■ **DIRECTIONS**
Here are some records. Copy each one exactly.
════════════════════
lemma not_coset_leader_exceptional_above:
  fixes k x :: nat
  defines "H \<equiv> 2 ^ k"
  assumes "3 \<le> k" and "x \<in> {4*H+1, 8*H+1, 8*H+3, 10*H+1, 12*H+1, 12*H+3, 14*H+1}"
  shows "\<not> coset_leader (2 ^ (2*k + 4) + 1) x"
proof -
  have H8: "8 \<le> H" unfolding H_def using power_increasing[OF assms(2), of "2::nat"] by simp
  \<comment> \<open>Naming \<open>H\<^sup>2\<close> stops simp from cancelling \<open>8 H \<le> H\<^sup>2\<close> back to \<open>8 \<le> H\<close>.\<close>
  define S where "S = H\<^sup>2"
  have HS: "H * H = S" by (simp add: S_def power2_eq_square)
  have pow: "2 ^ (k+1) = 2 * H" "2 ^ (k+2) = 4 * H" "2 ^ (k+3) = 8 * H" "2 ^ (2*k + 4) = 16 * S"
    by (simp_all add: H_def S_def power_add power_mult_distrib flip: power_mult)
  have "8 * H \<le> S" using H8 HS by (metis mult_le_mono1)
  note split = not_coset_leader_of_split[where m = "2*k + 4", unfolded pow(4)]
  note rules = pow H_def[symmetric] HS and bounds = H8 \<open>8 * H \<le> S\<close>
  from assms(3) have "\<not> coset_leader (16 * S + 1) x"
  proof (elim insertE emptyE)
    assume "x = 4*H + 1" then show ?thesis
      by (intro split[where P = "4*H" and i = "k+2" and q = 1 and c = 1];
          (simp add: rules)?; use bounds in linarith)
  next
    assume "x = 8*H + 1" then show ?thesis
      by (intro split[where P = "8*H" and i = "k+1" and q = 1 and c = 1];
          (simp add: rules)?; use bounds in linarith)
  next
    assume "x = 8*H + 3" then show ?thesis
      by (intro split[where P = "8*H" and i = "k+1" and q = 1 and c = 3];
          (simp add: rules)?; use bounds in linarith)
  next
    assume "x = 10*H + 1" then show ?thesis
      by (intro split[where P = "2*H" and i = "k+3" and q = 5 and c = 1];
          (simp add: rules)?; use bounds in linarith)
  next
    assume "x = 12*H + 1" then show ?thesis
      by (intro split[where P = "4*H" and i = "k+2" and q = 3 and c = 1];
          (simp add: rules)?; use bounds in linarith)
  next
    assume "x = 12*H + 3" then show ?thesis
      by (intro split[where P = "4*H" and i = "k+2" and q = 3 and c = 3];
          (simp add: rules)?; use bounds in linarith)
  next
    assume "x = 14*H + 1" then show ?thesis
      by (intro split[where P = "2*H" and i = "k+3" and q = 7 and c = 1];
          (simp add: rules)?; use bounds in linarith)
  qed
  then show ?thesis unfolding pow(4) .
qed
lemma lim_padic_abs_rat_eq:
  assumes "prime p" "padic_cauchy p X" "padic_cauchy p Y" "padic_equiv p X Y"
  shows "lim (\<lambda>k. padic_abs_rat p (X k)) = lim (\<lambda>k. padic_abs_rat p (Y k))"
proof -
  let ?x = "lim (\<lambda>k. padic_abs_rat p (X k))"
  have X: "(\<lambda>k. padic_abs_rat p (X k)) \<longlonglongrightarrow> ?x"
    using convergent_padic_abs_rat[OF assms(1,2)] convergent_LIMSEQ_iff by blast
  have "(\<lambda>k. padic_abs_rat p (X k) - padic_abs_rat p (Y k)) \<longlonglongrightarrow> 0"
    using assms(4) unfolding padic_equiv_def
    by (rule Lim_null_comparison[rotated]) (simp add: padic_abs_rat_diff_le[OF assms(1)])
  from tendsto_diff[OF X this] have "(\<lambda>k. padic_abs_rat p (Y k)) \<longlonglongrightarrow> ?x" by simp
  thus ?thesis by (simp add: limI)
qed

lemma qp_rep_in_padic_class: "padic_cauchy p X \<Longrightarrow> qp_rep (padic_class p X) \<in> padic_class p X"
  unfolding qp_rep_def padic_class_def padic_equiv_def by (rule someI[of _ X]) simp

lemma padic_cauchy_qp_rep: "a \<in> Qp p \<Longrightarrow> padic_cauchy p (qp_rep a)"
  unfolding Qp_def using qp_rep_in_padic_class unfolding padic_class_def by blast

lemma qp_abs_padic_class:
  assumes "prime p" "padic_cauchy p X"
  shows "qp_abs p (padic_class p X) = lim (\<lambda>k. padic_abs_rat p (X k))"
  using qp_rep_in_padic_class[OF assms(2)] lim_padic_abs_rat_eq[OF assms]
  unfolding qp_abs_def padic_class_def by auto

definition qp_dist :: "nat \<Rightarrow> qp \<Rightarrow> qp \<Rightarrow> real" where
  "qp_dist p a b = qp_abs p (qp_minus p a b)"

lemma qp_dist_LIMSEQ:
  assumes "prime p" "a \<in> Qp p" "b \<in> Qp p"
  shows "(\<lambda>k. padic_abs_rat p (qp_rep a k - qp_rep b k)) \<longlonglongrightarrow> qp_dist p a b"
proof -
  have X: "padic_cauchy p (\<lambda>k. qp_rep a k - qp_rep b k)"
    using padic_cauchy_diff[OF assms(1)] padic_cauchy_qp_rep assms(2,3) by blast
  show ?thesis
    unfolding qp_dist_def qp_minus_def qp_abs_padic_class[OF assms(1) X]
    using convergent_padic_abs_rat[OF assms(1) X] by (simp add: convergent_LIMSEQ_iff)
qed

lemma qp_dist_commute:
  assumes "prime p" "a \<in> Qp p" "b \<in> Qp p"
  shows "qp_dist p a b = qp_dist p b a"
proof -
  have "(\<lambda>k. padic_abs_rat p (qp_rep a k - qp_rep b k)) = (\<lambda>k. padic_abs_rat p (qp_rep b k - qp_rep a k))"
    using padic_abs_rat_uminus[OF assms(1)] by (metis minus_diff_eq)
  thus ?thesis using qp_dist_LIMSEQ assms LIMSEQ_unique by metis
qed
════════════════════
■ **ANSWER BOX**
lemma not_coset_leader_exceptional_above:
  fixes k x :: nat
  defines "H \<equiv> 2 ^ k"
  assumes "3 \<le> k" and "x \<in> {4*H+1, 8*H+1, 8*H+3, 10*H+1, 12*H+1, 12*H+3, 14*H+1}"
  shows "\<not> coset_leader (2 ^ (2*k + 4) + 1) x"
proof -
  have H8: "8 \<le> H" unfolding H_def using power_increasing[OF assms(2), of "2::nat"] by simp
  \<comment> \<open>Naming \<open>H\<^sup>2\<close> stops simp from cancelling \<open>8 H \<le> H\<^sup>2\<close> back to \<open>8 \<le> H\<close>.\<close>
  define S where "S = H\<^sup>2"
  have HS: "H * H = S" by (simp add: S_def power2_eq_square)
  have pow: "2 ^ (k+1) = 2 * H" "2 ^ (k+2) = 4 * H" "2 ^ (k+3) = 8 * H" "2 ^ (2*k + 4) = 16 * S"
    by (simp_all add: H_def S_def power_add power_mult_distrib flip: power_mult)
  have "8 * H \<le> S" using H8 HS by (metis mult_le_mono1)
  note split = not_coset_leader_of_split[where m = "2*k + 4", unfolded pow(4)]
  note rules = pow H_def[symmetric] HS and bounds = H8 \<open>8 * H \<le> S\<close>
  from assms(3) have "\<not> coset_leader (16 * S + 1) x"
  proof (elim insertE emptyE)
    assume "x = 4*H + 1" then show ?thesis
      by (intro split[where P = "4*H" and i = "k+2" and q = 1 and c = 1];
          (simp add: rules)?; use bounds in linarith)
  next
    assume "x = 8*H + 1" then show ?thesis
      by (intro split[where P = "8*H" and i = "k+1" and q = 1 and c = 1];
          (simp add: rules)?; use bounds in linarith)
  next
    assume "x = 8*H + 3" then show ?thesis
      by (intro split[where P = "8*H" and i = "k+1" and q = 1 and c = 3];
          (simp add: rules)?; use bounds in linarith)
  next
    assume "x = 10*H + 1" then show ?thesis
      by (intro split[where P = "2*H" and i = "k+3" and q = 5 and c = 1];
          (simp add: rules)?; use bounds in linarith)
  next
    assume "x = 12*H + 1" then show ?thesis
      by (intro split[where P = "4*H" and i = "k+2" and q = 3 and c = 1];
          (simp add: rules)?; use bounds in linarith)
  next
    assume "x = 12*H + 3" then show ?thesis
      by (intro split[where P = "4*H" and i = "k+2" and q = 3 and c = 3];
          (simp add: rules)?; use bounds in linarith)
  next
    assume "x = 14*H + 1" then show ?thesis
      by (intro split[where P = "2*H" and i = "k+3" and q = 7 and c = 1];
          (simp add: rules)?; use bounds in linarith)
  qed
  then show ?thesis unfolding pow(4) .
qed
lemma lim_padic_abs_rat_eq:
  assumes "prime p" "padic_cauchy p X" "padic_cauchy p Y" "padic_equiv p X Y"
  shows "lim (\<lambda>k. padic_abs_rat p (X k)) = lim (\<lambda>k. padic_abs_rat p (Y k))"
proof -
  let ?x = "lim (\<lambda>k. padic_abs_rat p (X k))"
  have X: "(\<lambda>k. padic_abs_rat p (X k)) \<longlonglongrightarrow> ?x"
    using convergent_padic_abs_rat[OF assms(1,2)] convergent_LIMSEQ_iff by blast
  have "(\<lambda>k. padic_abs_rat p (X k) - padic_abs_rat p (Y k)) \<longlonglongrightarrow> 0"
    using assms(4) unfolding padic_equiv_def
    by (rule Lim_null_comparison[rotated]) (simp add: padic_abs_rat_diff_le[OF assms(1)])
  from tendsto_diff[OF X this] have "(\<lambda>k. padic_abs_rat p (Y k)) \<longlonglongrightarrow> ?x" by simp
  thus ?thesis by (simp add: limI)
qed

lemma qp_rep_in_padic_class: "padic_cauchy p X \<Longrightarrow> qp_rep (padic_class p X) \<in> padic_class p X"
  unfolding qp_rep_def padic_class_def padic_equiv_def by (rule someI[of _ X]) simp

lemma padic_cauchy_qp_rep: "a \<in> Qp p \<Longrightarrow> padic_cauchy p (qp_rep a)"
  unfolding Qp_def using qp_rep_in_padic_class unfolding padic_class_def by blast

lemma qp_abs_padic_class:
  assumes "prime p" "padic_cauchy p X"
  shows "qp_abs p (padic_class p X) = lim (\<lambda>k. padic_abs_rat p (X k))"
  using qp_rep_in_padic_class[OF assms(2)] lim_padic_abs_rat_eq[OF assms]
  unfolding qp_abs_def padic_class_def by auto

definition qp_dist :: "nat \<Rightarrow> qp \<Rightarrow> qp \<Rightarrow> real" where
  "qp_dist p a b = qp_abs p (qp_minus p a b)"

lemma qp_dist_LIMSEQ:
  assumes "prime p" "a \<in> Qp p" "b \<in> Qp p"
  shows "(\<lambda>k. padic_abs_rat p (qp_rep a k - qp_rep b k)) \<longlonglongrightarrow> qp_dist p a b"
proof -
  have X: "padic_cauchy p (\<lambda>k. qp_rep a k - qp_rep b k)"
    using padic_cauchy_diff[OF assms(1)] padic_cauchy_qp_rep assms(2,3) by blast
  show ?thesis
    unfolding qp_dist_def qp_minus_def qp_abs_padic_class[OF assms(1) X]
    using convergent_padic_abs_rat[OF assms(1) X] by (simp add: convergent_LIMSEQ_iff)
qed

lemma qp_dist_commute:
  assumes "prime p" "a \<in> Qp p" "b \<in> Qp p"
  shows "qp_dist p a b = qp_dist p b a"
proof -
  have "(\<lambda>k. padic_abs_rat p (qp_rep a k - qp_rep b k)) = (\<lambda>k. padic_abs_rat p (qp_rep b k - qp_rep a k))"
    using padic_abs_rat_uminus[OF assms(1)] by (metis minus_diff_eq)
  thus ?thesis using qp_dist_LIMSEQ assms LIMSEQ_unique by metis
qed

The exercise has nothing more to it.